# Items from a dataset:
(* Let $F$ be a posheaf on a locale $X$. The following are equivalent: (1) $F$ is complete. (2) For every downsheaf $S$ of $F$, $\bigvee S$ exists and extends to a global point $p\in F(1_X)$ (i.e. $p|_{\mathrm{dom}(\bigvee S)}=\bigvee S$) such that for each $u\in\mathcal{O}(X)$, $p|_u$ is the least element $z$ of $F(u)$ satisfying $S^u\subseteq\downarrow z$. (3) For every subsheaf $S$ of $F$, $\bigvee S$ exists and extends to a global point $p\in F(1_X)$ such that for each $u\in\mathcal{O}(X)$, $p|_u$ is the least element $z$ of $F(u)$ satisfying $S^u\subseteq\downarrow z$. (4) Every $F(u)$ is a complete lattice, and for all $v\le u$ the restriction map $F(u)\to F(v)$ is surjective and has both a left adjoint and a right adjoint.
   Context: Let $X$ be a locale with frame of opens $\mathcal{O}(X)$ and top element $1_X$. A posheaf on $X$ is a sheaf of sets $F$ with (POS1) each $F(u)$ a poset; (POS2) restriction maps $F(u)\to F(v)$, $x\mapsto x|_v$ ($v\le u$), order-preserving; (POS3) if $u=\bigvee_i u_i$ and $s,t\in F(u)$ satisfy $s|_{u_i}\le t|_{u_i}$ for all $i$, then $s\le t$. A point of $F$ is a morphism $p:\hat1\to F$ with $\hat1$ a subsheaf of the terminal sheaf; $\mathrm{dom}(p)$ is the largest open $u$ with $\hat1(u)\neq\emptyset$; a point is identified with an element of $F(\mathrm{dom}(p))$; a global point is one with domain $1_X$. Points are ordered by $p_1\le p_2$ iff $\mathrm{dom}(p_1)\le\mathrm{dom}(p_2)$ and $p_1\le p_2|_{\mathrm{dom}(p_1)}$. For a subsheaf $A$ of $F$, a point $x$ is an upper bound of $A$ if $y\le x$ for all points $y$ of $A$, and $\bigvee A$ is the least upper bound. For $u\in\mathcal{O}(X)$, $F^u$ is the restriction of $F$ to $\downarrow u$ (regarded also as a subsheaf of $F$), and for a subsheaf $S$, $S^u$ is its restriction to $\downarrow u$. A downsheaf of $F$ is a subsheaf $G$ with each $G(v)$ a down-set of $F(v)$. For $z\in F(u)$, $\downarrow z$ is the downsheaf of $F^u$ with $(\downarrow z)(v)=\{y\in F(v)\mid y\le z|_v\}$ for $v\le u$. $\mathbb{D}F$ is the sheaf with $\mathbb{D}F(u)$ = the set of downsheaves of $F^u$, restriction $S\mapsto S^v$, ordered by inclusion, and $\downarrow:F\to\mathbb{D}F$, $z\mapsto\downarrow z$ is the principal ideal embedding. For order-preserving morphisms of posheaves $\alpha:F\to G$, $\beta:G\to F$, $\alpha\dashv\beta$ means $\alpha x\le y\iff x\le\beta y$ for all points $x$ of $F$, $y$ of $G$. $F$ is complete if the principal ideal embedding $\downarrow:F\to\mathbb{D}F$ has a left adjoint. *)

theory Defs
  imports Main
begin

text \<open>
  The frame of opens of the locale X is a type 'o of class complete_lattice
  satisfying the frame distributive law.  A sheaf of sets F is given by its sets of
  sections F u (elements of a common type 'a) and restriction maps res u v : F u -> F v
  (meaningful for v <= u).  A point of F with domain u is identified with a pair (u, x), x in F u.
\<close>

definition frame_law :: "'o::complete_lattice itself \<Rightarrow> bool" where
  "frame_law _ \<longleftrightarrow> (\<forall>(a::'o) B. inf a (Sup B) = (SUP b\<in>B. inf a b))"

definition presheaf :: "('o::complete_lattice \<Rightarrow> 'a set) \<Rightarrow> ('o \<Rightarrow> 'o \<Rightarrow> 'a \<Rightarrow> 'a) \<Rightarrow> bool" where
  "presheaf F res \<longleftrightarrow>
     (\<forall>u v x. v \<le> u \<longrightarrow> x \<in> F u \<longrightarrow> res u v x \<in> F v) \<and>
     (\<forall>u x. x \<in> F u \<longrightarrow> res u u x = x) \<and>
     (\<forall>u v w x. w \<le> v \<longrightarrow> v \<le> u \<longrightarrow> x \<in> F u \<longrightarrow> res v w (res u v x) = res u w x)"

definition compatible :: "('o::complete_lattice \<Rightarrow> 'a set) \<Rightarrow> ('o \<Rightarrow> 'o \<Rightarrow> 'a \<Rightarrow> 'a) \<Rightarrow> 'o set \<Rightarrow> ('o \<Rightarrow> 'a) \<Rightarrow> bool" where
  "compatible F res U s \<longleftrightarrow>
     (\<forall>w\<in>U. s w \<in> F w) \<and>
     (\<forall>w1\<in>U. \<forall>w2\<in>U. res w1 (inf w1 w2) (s w1) = res w2 (inf w1 w2) (s w2))"

definition sheaf :: "('o::complete_lattice \<Rightarrow> 'a set) \<Rightarrow> ('o \<Rightarrow> 'o \<Rightarrow> 'a \<Rightarrow> 'a) \<Rightarrow> bool" where
  "sheaf F res \<longleftrightarrow> presheaf F res \<and>
     (\<forall>U s. compatible F res U s \<longrightarrow>
        (\<exists>!x. x \<in> F (Sup U) \<and> (\<forall>w\<in>U. res (Sup U) w x = s w)))"

definition partial_order_on_set :: "'a set \<Rightarrow> ('a \<Rightarrow> 'a \<Rightarrow> bool) \<Rightarrow> bool" where
  "partial_order_on_set A r \<longleftrightarrow>
     (\<forall>x\<in>A. r x x) \<and>
     (\<forall>x\<in>A. \<forall>y\<in>A. \<forall>z\<in>A. r x y \<longrightarrow> r y z \<longrightarrow> r x z) \<and>
     (\<forall>x\<in>A. \<forall>y\<in>A. r x y \<longrightarrow> r y x \<longrightarrow> x = y)"

definition posheaf :: "('o::complete_lattice \<Rightarrow> 'a set) \<Rightarrow> ('o \<Rightarrow> 'o \<Rightarrow> 'a \<Rightarrow> 'a)
    \<Rightarrow> ('o \<Rightarrow> 'a \<Rightarrow> 'a \<Rightarrow> bool) \<Rightarrow> bool" where
  "posheaf F res le \<longleftrightarrow> sheaf F res \<and>
     (\<forall>u. partial_order_on_set (F u) (le u)) \<and>
     (\<forall>u v x y. v \<le> u \<longrightarrow> x \<in> F u \<longrightarrow> y \<in> F u \<longrightarrow> le u x y \<longrightarrow>
        le v (res u v x) (res u v y)) \<and>
     (\<forall>U x y. x \<in> F (Sup U) \<longrightarrow> y \<in> F (Sup U) \<longrightarrow>
        (\<forall>w\<in>U. le w (res (Sup U) w x) (res (Sup U) w y)) \<longrightarrow> le (Sup U) x y)"

definition subsheaf :: "('o::complete_lattice \<Rightarrow> 'a set) \<Rightarrow> ('o \<Rightarrow> 'o \<Rightarrow> 'a \<Rightarrow> 'a) \<Rightarrow> ('o \<Rightarrow> 'a set) \<Rightarrow> bool" where
  "subsheaf F res S \<longleftrightarrow>
     (\<forall>u. S u \<subseteq> F u) \<and>
     (\<forall>u v x. v \<le> u \<longrightarrow> x \<in> S u \<longrightarrow> res u v x \<in> S v) \<and>
     (\<forall>U x. x \<in> F (Sup U) \<longrightarrow> (\<forall>w\<in>U. res (Sup U) w x \<in> S w) \<longrightarrow> x \<in> S (Sup U))"

definition downsheaf :: "('o::complete_lattice \<Rightarrow> 'a set) \<Rightarrow> ('o \<Rightarrow> 'o \<Rightarrow> 'a \<Rightarrow> 'a)
    \<Rightarrow> ('o \<Rightarrow> 'a \<Rightarrow> 'a \<Rightarrow> bool) \<Rightarrow> ('o \<Rightarrow> 'a set) \<Rightarrow> bool" where
  "downsheaf F res le S \<longleftrightarrow> subsheaf F res S \<and>
     (\<forall>v x y. x \<in> S v \<longrightarrow> y \<in> F v \<longrightarrow> le v y x \<longrightarrow> y \<in> S v)"

definition pt_le :: "('o::complete_lattice \<Rightarrow> 'o \<Rightarrow> 'a \<Rightarrow> 'a) \<Rightarrow> ('o \<Rightarrow> 'a \<Rightarrow> 'a \<Rightarrow> bool)
    \<Rightarrow> 'o \<times> 'a \<Rightarrow> 'o \<times> 'a \<Rightarrow> bool" where
  "pt_le res le p q \<longleftrightarrow> fst p \<le> fst q \<and> le (fst p) (snd p) (res (fst q) (fst p) (snd q))"

definition is_join :: "('o::complete_lattice \<Rightarrow> 'a set) \<Rightarrow> ('o \<Rightarrow> 'o \<Rightarrow> 'a \<Rightarrow> 'a)
    \<Rightarrow> ('o \<Rightarrow> 'a \<Rightarrow> 'a \<Rightarrow> bool) \<Rightarrow> ('o \<Rightarrow> 'a set) \<Rightarrow> 'o \<times> 'a \<Rightarrow> bool" where
  "is_join F res le A p \<longleftrightarrow>
     snd p \<in> F (fst p) \<and>
     (\<forall>v y. y \<in> A v \<longrightarrow> pt_le res le (v, y) p) \<and>
     (\<forall>u x. x \<in> F u \<longrightarrow> (\<forall>v y. y \<in> A v \<longrightarrow> pt_le res le (v, y) (u, x)) \<longrightarrow>
        pt_le res le p (u, x))"

definition below_principal :: "('o::complete_lattice \<Rightarrow> 'o \<Rightarrow> 'a \<Rightarrow> 'a) \<Rightarrow> ('o \<Rightarrow> 'a \<Rightarrow> 'a \<Rightarrow> bool)
    \<Rightarrow> ('o \<Rightarrow> 'a set) \<Rightarrow> 'o \<Rightarrow> 'a \<Rightarrow> bool" where
  "below_principal res le S u z \<longleftrightarrow> (\<forall>v. v \<le> u \<longrightarrow> (\<forall>y\<in>S v. le v y (res u v z)))"

definition least_bound :: "('o::complete_lattice \<Rightarrow> 'a set) \<Rightarrow> ('o \<Rightarrow> 'o \<Rightarrow> 'a \<Rightarrow> 'a)
    \<Rightarrow> ('o \<Rightarrow> 'a \<Rightarrow> 'a \<Rightarrow> bool) \<Rightarrow> ('o \<Rightarrow> 'a set) \<Rightarrow> 'o \<Rightarrow> 'a \<Rightarrow> bool" where
  "least_bound F res le S u z \<longleftrightarrow>
     z \<in> F u \<and> below_principal res le S u z \<and>
     (\<forall>z'\<in>F u. below_principal res le S u z' \<longrightarrow> le u z z')"

definition good_join :: "('o::complete_lattice \<Rightarrow> 'a set) \<Rightarrow> ('o \<Rightarrow> 'o \<Rightarrow> 'a \<Rightarrow> 'a)
    \<Rightarrow> ('o \<Rightarrow> 'a \<Rightarrow> 'a \<Rightarrow> bool) \<Rightarrow> ('o \<Rightarrow> 'a set) \<Rightarrow> bool" where
  "good_join F res le S \<longleftrightarrow>
     (\<exists>d y. is_join F res le S (d, y) \<and>
        (\<exists>p\<in>F top. res top d p = y \<and> (\<forall>u. least_bound F res le S u (res top u p))))"

text \<open>D F (u): downsheaves of F^u, regarded as subsheaves of F (empty outside \<down>u).\<close>
definition DF :: "('o::complete_lattice \<Rightarrow> 'a set) \<Rightarrow> ('o \<Rightarrow> 'o \<Rightarrow> 'a \<Rightarrow> 'a)
    \<Rightarrow> ('o \<Rightarrow> 'a \<Rightarrow> 'a \<Rightarrow> bool) \<Rightarrow> 'o \<Rightarrow> ('o \<Rightarrow> 'a set) set" where
  "DF F res le u = {D. downsheaf F res le D \<and> (\<forall>v. \<not> v \<le> u \<longrightarrow> D v = {})}"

# PROBLEM TO WORK ON:
What you return should be exactly the lines above, starting at the one with "(\<forall>w\<in>U. le w" and ending at the one with "snd p \<in> F (fst p) \<and>", and nothing else.

# REPLY:
        (\<forall>w\<in>U. le w (res (Sup U) w x) (res (Sup U) w y)) \<longrightarrow> le (Sup U) x y)"

definition subsheaf :: "('o::complete_lattice \<Rightarrow> 'a set) \<Rightarrow> ('o \<Rightarrow> 'o \<Rightarrow> 'a \<Rightarrow> 'a) \<Rightarrow> ('o \<Rightarrow> 'a set) \<Rightarrow> bool" where
  "subsheaf F res S \<longleftrightarrow>
     (\<forall>u. S u \<subseteq> F u) \<and>
     (\<forall>u v x. v \<le> u \<longrightarrow> x \<in> S u \<longrightarrow> res u v x \<in> S v) \<and>
     (\<forall>U x. x \<in> F (Sup U) \<longrightarrow> (\<forall>w\<in>U. res (Sup U) w x \<in> S w) \<longrightarrow> x \<in> S (Sup U))"

definition downsheaf :: "('o::complete_lattice \<Rightarrow> 'a set) \<Rightarrow> ('o \<Rightarrow> 'o \<Rightarrow> 'a \<Rightarrow> 'a)
    \<Rightarrow> ('o \<Rightarrow> 'a \<Rightarrow> 'a \<Rightarrow> bool) \<Rightarrow> ('o \<Rightarrow> 'a set) \<Rightarrow> bool" where
  "downsheaf F res le S \<longleftrightarrow> subsheaf F res S \<and>
     (\<forall>v x y. x \<in> S v \<longrightarrow> y \<in> F v \<longrightarrow> le v y x \<longrightarrow> y \<in> S v)"

definition pt_le :: "('o::complete_lattice \<Rightarrow> 'o \<Rightarrow> 'a \<Rightarrow> 'a) \<Rightarrow> ('o \<Rightarrow> 'a \<Rightarrow> 'a \<Rightarrow> bool)
    \<Rightarrow> 'o \<times> 'a \<Rightarrow> 'o \<times> 'a \<Rightarrow> bool" where
  "pt_le res le p q \<longleftrightarrow> fst p \<le> fst q \<and> le (fst p) (snd p) (res (fst q) (fst p) (snd q))"

definition is_join :: "('o::complete_lattice \<Rightarrow> 'a set) \<Rightarrow> ('o \<Rightarrow> 'o \<Rightarrow> 'a \<Rightarrow> 'a)
    \<Rightarrow> ('o \<Rightarrow> 'a \<Rightarrow> 'a \<Rightarrow> bool) \<Rightarrow> ('o \<Rightarrow> 'a set) \<Rightarrow> 'o \<times> 'a \<Rightarrow> bool" where
  "is_join F res le A p \<longleftrightarrow>
     snd p \<in> F (fst p) \<and>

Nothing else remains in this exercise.